Di sana pada ulu hati keadaan Bhatara Siwa, pujalah
beliau senantiasa dengan sarana Sang Hyang Caturdasaksara, bersimbolik seperti
ini: SANG, BANG, TANG, ANG, ING, NANG, MANG, SING, WANG, YANG, ANG, UNG, MANG:
OM, itulah beliau Sang hyang Caturdasaksara, diumpamakan sebagai bunga yang
mekar, harum semerbak tiada selingan, demikianlah pemujaanmu yang tekun setiap
waktu.
Dari Niskala lahir Nada, dari Nada muncul Bindu, dari
Bundu muncul Bulan (semi), dari Bulan itu ada Wisnu/ dunia berulang-ulang.
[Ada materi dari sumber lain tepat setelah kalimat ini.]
(* Fix integers $2\le k\le n$, let $M=\lceil n/k\rceil$ and $r=n-(M-1)k$, and consider the $k$-grouped $(k,n)$ random-grid sharing of a secret bit described in the context. Let $\vec\lambda=(\lambda_1,\ldots,\lambda_M)$ be a valid partition and suppose $\lambda_j$ shadow images are selected from the $j$-th group for each $j$. Let $x$ be an integer with $\lambda_M\le x\le k$ and let $B\in\{0,1\}^{1\times x}$ be any row vector of Hamming weight $\lambda_M$. Then $$\Pr(\#C(\vec\lambda)=x)=\frac{\binom{k-\lambda_M}{x-\lambda_M}\,\bigl|\mathcal{E}^{\vec\lambda}_x(B)\bigr|}{\prod_{j=1}^{M-1}\binom{k}{\lambda_j}}.$$
   Context: Sharing of a secret bit $s$: $b_1,\ldots,b_{k-1}$ are independent uniform bits and $b_k=s\oplus b_1\oplus\cdots\oplus b_{k-1}$. The $n$ shares form $M$ groups; groups $1,\ldots,M-1$ have $k$ positions and group $M$ has $r$ positions. Group 1 is $(b_1,\ldots,b_k)$ (position $\delta$ carries index $\delta$). For each $j\ge2$ an independent uniformly random permutation $\sigma_j$ of $\{1,\ldots,k\}$ is drawn and position $\delta$ of group $j$ carries index $\sigma_j(\delta)$ and bit $b_{\sigma_j(\delta)}$ ($\delta\le r$ for group $M$); it is the pixel of shadow image $(j-1)k+\delta$. A valid partition is $\vec\lambda=(\lambda_1,\ldots,\lambda_M)$ of non-negative integers with $\max_j\lambda_j\le k$ and $\lambda_M\le r$. Selecting $\lambda_j$ (fixed) positions of group $j$, $C(\vec\lambda)$ is the multiset of carried indices and $\#C(\vec\lambda)$ the number of its distinct elements; probabilities are over the random permutations. $\mathcal{E}^{\vec\lambda}_x(B)$ is the set of $M\times x$ matrices $E$ with entries in $\{0,1\}$ whose last row equals $B$, whose $i$-th row sum is $\lambda_i$ for every $i=1,\ldots,M$, and each of whose column sums is at least $1$. *)

theory Defs
  imports "HOL-Probability.Probability" "HOL-Combinatorics.Permutations"
begin

text \<open>Random data of the scheme: for each group j in {2..M} an independent uniformly
  random permutation sigma j of {1..k}; outside {2..M} the component is fixed to id
  (so that the sample space is a finite set and the uniform distribution on it is the
  product of independent uniform permutations).\<close>
definition perm_tuples :: "nat \<Rightarrow> nat \<Rightarrow> (nat \<Rightarrow> nat \<Rightarrow> nat) set" where
  "perm_tuples k M = {\<sigma>. (\<forall>j\<in>{2..M}. \<sigma> j permutes {1..k}) \<and> (\<forall>j. j \<notin> {2..M} \<longrightarrow> \<sigma> j = id)}"

definition carried :: "(nat \<Rightarrow> nat \<Rightarrow> nat) \<Rightarrow> nat \<Rightarrow> nat \<Rightarrow> nat" where
  "carried \<sigma> j \<delta> = (if j = 1 then \<delta> else \<sigma> j \<delta>)"

definition numC :: "(nat \<Rightarrow> nat \<Rightarrow> nat) \<Rightarrow> nat \<Rightarrow> (nat \<Rightarrow> nat set) \<Rightarrow> nat" where
  "numC \<sigma> M S = card (\<Union>j\<in>{1..M}. carried \<sigma> j ` S j)"

definition prob_numC :: "nat \<Rightarrow> nat \<Rightarrow> (nat \<Rightarrow> nat set) \<Rightarrow> nat \<Rightarrow> real" where
  "prob_numC k M S x =
     measure_pmf.prob (pmf_of_set (perm_tuples k M)) {\<sigma>. numC \<sigma> M S = x}"

definition Emats :: "nat \<Rightarrow> nat \<Rightarrow> (nat \<Rightarrow> nat) \<Rightarrow> (nat \<Rightarrow> nat) \<Rightarrow> (nat \<Rightarrow> nat \<Rightarrow> nat) set" where
  "Emats M x lam B = {E.
      (\<forall>i j. E i j \<in> {0, 1}) \<and>
      (\<forall>i j. (i \<notin> {1..M} \<or> j \<notin> {1..x}) \<longrightarrow> E i j = 0) \<and>
      (\<forall>j\<in>{1..x}. E M j = B j) \<and>
      (\<forall>i\<in>{1..M}. (\<Sum>j=1..x. E i j) = lam i) \<and>
      (\<forall>j\<in>{1..x}. (\<Sum>i=1..M. E i j) \<ge> 1)}"

end

theory Submission
  imports Defs
begin

(* The permuted images \<sigma>_j(S_j), j = 2..M, are independent uniformly random \<lambda>_j-subsets of {1..k},
   so Pr(#C = x) is the number of families (T_2, ..., T_M) of such subsets with
   |S_1 \<union> T_2 \<union> ... \<union> T_M| = x, divided by \<Prod>_{j\<ge>2} C(k, \<lambda>_j).  Grouping these families by
   their union, their number is C(k - \<lambda>_1, x - \<lambda>_1) times the number of coverings of an x-set by
   sets of sizes \<lambda>_2, ..., \<lambda>_M together with a fixed \<lambda>_1-subset.  The number of coverings of an
   x-set by sets of sizes \<lambda>_1, ..., \<lambda>_M is C(x, \<lambda>_1) times the latter, and also C(x, \<lambda>_M) times
   the number of coverings whose last set is the support of B, which are the matrices of
   E^\<lambda>_x(B) read row by row.  The identity C(k, x) C(x, l) = C(k, l) C(k - l, x - l) compares
   the two counts. *)

lemma ex_bij_betw_image_eq:
  assumes "finite V" "finite V'" "F \<subseteq> V" "F' \<subseteq> V'" "card V = card V'" "card F = card F'"
  shows "\<exists>h. bij_betw h V V' \<and> h ` F = F'"
proof -
  have fin: "finite F" "finite F'" using assms finite_subset by auto
  obtain f where f: "bij_betw f F F'" using finite_same_card_bij[OF fin assms(6)] by blast
  have "card (V - F) = card (V' - F')" using assms fin by (simp add: card_Diff_subset)
  then obtain g where g: "bij_betw g (V - F) (V' - F')"
    using finite_same_card_bij assms by (meson finite_Diff)
  define h where "h x = (if x \<in> F then f x else g x)" for x
  have hF: "bij_betw h F F'" using f by (rule bij_betw_cong[THEN iffD1, rotated]) (simp add: h_def)
  have "bij_betw h (V - F) (V' - F')" using g by (rule bij_betw_cong[THEN iffD1, rotated]) (simp add: h_def)
  with hF have "bij_betw h (F \<union> (V - F)) (F' \<union> (V' - F'))" by (rule bij_betw_combine) auto
  moreover have "F \<union> (V - F) = V" "F' \<union> (V' - F') = V'" using assms by auto
  ultimately show ?thesis using hF by (metis bij_betw_imp_surj_on)
qed

lemma ex_permutes_image_eq:
  assumes "finite U" "T \<subseteq> U" "T' \<subseteq> U" "card T = card T'"
  shows "\<exists>g. g permutes U \<and> g ` T = T'"
proof -
  obtain h where h: "bij_betw h U U" "h ` T = T'" using ex_bij_betw_image_eq[of U U T T'] assms by auto
  define g where "g x = (if x \<in> U then h x else x)" for x
  have "bij_betw g U U" using h(1) by (rule bij_betw_cong[THEN iffD1, rotated]) (simp add: g_def)
  then have "g permutes U" by (rule bij_imp_permutes) (simp add: g_def)
  moreover have "g ` T = T'" using h(2) assms(2) by (auto simp: g_def image_def)
  ultimately show ?thesis by blast
qed

section \<open>Families of sets of prescribed sizes and coverings\<close>

definition families :: "'a set \<Rightarrow> nat set \<Rightarrow> (nat \<Rightarrow> nat) \<Rightarrow> (nat \<Rightarrow> 'a set) set" where
  "families U I lam = PiE_dflt I {} (\<lambda>i. {T. T \<subseteq> U \<and> card T = lam i})"

lemma mem_families_iff:
  "R \<in> families U I lam \<longleftrightarrow> (\<forall>i\<in>I. R i \<subseteq> U \<and> card (R i) = lam i) \<and> (\<forall>i. i \<notin> I \<longrightarrow> R i = {})"
  by (auto simp: families_def PiE_dflt_def)

lemma families_cong: "(\<And>i. i \<in> I \<Longrightarrow> lam i = lam' i) \<Longrightarrow> families U I lam = families U I lam'"
  by (simp add: families_def PiE_dflt_def)

lemma finite_families: "finite U \<Longrightarrow> finite I \<Longrightarrow> finite (families U I lam)"
  unfolding families_def by (rule finite_PiE_dflt) auto
lemma sum_gf4_char_herm_linear_code:
  assumes "linear_code n C" "y \<in> vecs n"
  shows "(\<Sum>x\<in>C. gf4_char (herm n x y)) = (if y \<in> herm_dual n C then int (card C) else 0)"
proof (cases "y \<in> herm_dual n C")
  case True
  then show ?thesis by (simp add: herm_dual_def G0_eq_0)
next
  case False
  then obtain x0 where x0: "x0 \<in> C" "herm n x0 y \<noteq> 0"
    using assms(2) by (auto simp: herm_dual_def G0_eq_0)
  obtain c where c: "gf4_char (c * herm n x0 y) = -1" using gf4_char_nontrivial[OF x0(2)] by auto
  have "vadd x (smul c x0) \<in> C" if "x \<in> C" for x
    using assms(1) x0(1) that by (simp add: linear_code_def)
  moreover have "gf4_char (herm n (smul c x0) y) = -1"
    using c by (simp add: herm_smul_left)
  ultimately have "(\<Sum>x\<in>C. gf4_char (herm n x y)) = 0"
    by (intro sum_gf4_char_eq_0_if_translation) (simp_all add: herm_vadd_left)
  then show ?thesis using False by simp
qed

text \<open>The MacWilliams identity for the puncturing and shortening of \<open>C\<close> on \<open>T\<close>, obtained by
  evaluating \<open>\<Sum>x\<in>C. \<Sum>y\<in>supported_on T. gf4_char (herm n x y)\<close> in both orders.\<close>
lemma card_linear_code_mult_card_dual_supported_on:
  assumes "linear_code n C" "T \<subseteq> {..<n}"
  shows "card C * card (herm_dual n C \<inter> supported_on T) = 4 ^ card T * card {x\<in>C. \<forall>k\<in>T. x k = 0}"
proof -
  have T: "finite T" using assms(2) finite_subset by blast
  have C: "finite C" using assms(1) by (rule finite_linear_code)
  have Tn: "supported_on T \<subseteq> vecs n"
    using assms(2) by (auto simp: vecs_eq_supported_on supported_on_def)
  have "int (4 ^ card T * card {x\<in>C. \<forall>k\<in>T. x k = 0})
      = (\<Sum>x\<in>C. \<Sum>y\<in>supported_on T. gf4_char (herm n x y))"
    using T assms(2) C by (simp add: sum_gf4_char_herm_supported_on sum_if_eq_card)
  also have "\<dots> = (\<Sum>y\<in>supported_on T. \<Sum>x\<in>C. gf4_char (herm n x y))"
    by (rule sum.swap)
  also have "\<dots> = (\<Sum>y\<in>supported_on T. if y \<in> herm_dual n C then int (card C) else 0)"
    using Tn assms(1) by (intro sum.cong) (auto simp: sum_gf4_char_herm_linear_code)
  also have "\<dots> = int (card C * card {y\<in>supported_on T. y \<in> herm_dual n C})"
    using T by (simp add: finite_supported_on sum_if_eq_card)
  also have "{y\<in>supported_on T. y \<in> herm_dual n C} = herm_dual n C \<inter> supported_on T"
    by blast
  finally show ?thesis by (simp only: of_nat_eq_iff)
qed

lemma linear_code_card_wt_coord_nonzero:
  assumes "linear_code n C"
  shows "card {x\<in>C. wt n x = w \<and> x i \<noteq> 0} = 3 * card {x\<in>C. wt n x = w \<and> x i = 1}"
proof -
  have smul: "smul a x \<in> C" if "x \<in> C" for a x
    using assms that by (simp add: linear_code_def)
  have "bij_betw (\<lambda>(a, y). smul a y) ({a. a \<noteq> 0} \<times> {x\<in>C. wt n x = w \<and> x i = 1})
          {x\<in>C. wt n x = w \<and> x i \<noteq> 0}"
    by (rule bij_betwI[where g = "\<lambda>x. (x i, smul (inverse (x i)) x)"])
      (auto simp: smul wt_smul fun_eq_iff)
  then have "card {x\<in>C. wt n x = w \<and> x i \<noteq> 0} = card {a::gf4. a \<noteq> 0} * card {x\<in>C. wt n x = w \<and> x i = 1}"
    by (simp add: bij_betw_same_card[symmetric] card_cartesian_product)
  moreover have "card {a::gf4. a \<noteq> 0} = 3"
  proof -
    have "{a::gf4. a \<noteq> 0} = UNIV - {0}" by blast
    then show ?thesis by (simp add: UNIV_gf4 gf4_defs)
  qed
  ultimately show ?thesis by simp
qed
Tegasnya, yang Niskala melahirkan Nada. Dari Nada melahirkan
Bindu, dari Bindu melahirkan Ardhacandra, dari Ardhacandra melahirkan Wisnu/
alam semesta, berulang-ulang pelaksanaannya; Wiswa berarti Sang Hyang Pranawa,
Sang Hyang Pranawa sesungguhnya adalah omkara. Wiswa (alam) berpadu dengan Candra (semi bulan), Bindu
dengan Nada, dari perpaduan itu senantiasa mewujudkan Omkara.Wiswa itu
berpadu dengan Ardhacandra dan Bindu
beserta Nada; energi hidup Ardhacandra dan Bindu serta Nada itu manunggal,
selanjutnya menjadi Omkara.Wiswa melekat pada Candra, dan Candra menempel pada
Bindu, serta Bindu kembali pada Nada, demikianlah perihal/ keadaan
aktivitasnya.
Wiswa itu bergantung pada Ardhacandra, Ardhacandra itu
lebur dalam Bindu, Bindu itulah bergantung pada Nada, demikianlah halnya ajaran
Filsafat dan Nada itu kembali ke Niskala. Niskala itu disebut dengan Maya
Tattwa, itulah Pradhana (materi), pengembaliannya pada Nada, dan Niskala itu
kembali ke Sunyantara, Sunyantara itu
kembali ke Atyantasunya, sebagai pengembaliannya Niskala dan anakku Sang
Ganadhipa, adapun yang dimaksud Utpatti (lahir), Sthiti (hidup) dan Pralina
(lebur) itu ialah Sang Hyang Pranawa.
Dari Siwa lahir Atma, karena Atma maka dari Prakrti
muncullah Rawi (matahari), dari Rawi lahir Agni (panas/api).
ING itulah disebut Siwa, dari siwa lahir Atma, BANG dari
Atma lahir Pradhana/materiil, SANG dari Pradhana/Prakrti lahirlah matahari
(Aditya), TANG, Aditya lahirlah Agni (api/panas),ANG. Demikianlah hal
manifestasinya Sang Hyang Panca Brahma yaitu: ING, BANG, SANG, TANG, ANG.
Prakrti itu dijiwai atma, dan karena Atma maka adalah
matahari, adanya Agni menyusul setelah matahari; demikianlah ternyata Siwagni
dalam keadaan Sthiti. Yang
permulaan adalah SANG filsafatnya, selanjutnya BANG, kemudian TANG, terus ANG,
dan akhirnya ING, inilah Sthitinya Sang Hyang Panca Brahma, urutannya adalah SANG,
BANG, TANG, ANG, ING. (Ganapati Tattwa,
24-29).
Aksara Am itu disertai leh Aksara Tam, disertai oleh
Aksara Sam, disertai Aksara Bam, disertai oleh Aksra Im.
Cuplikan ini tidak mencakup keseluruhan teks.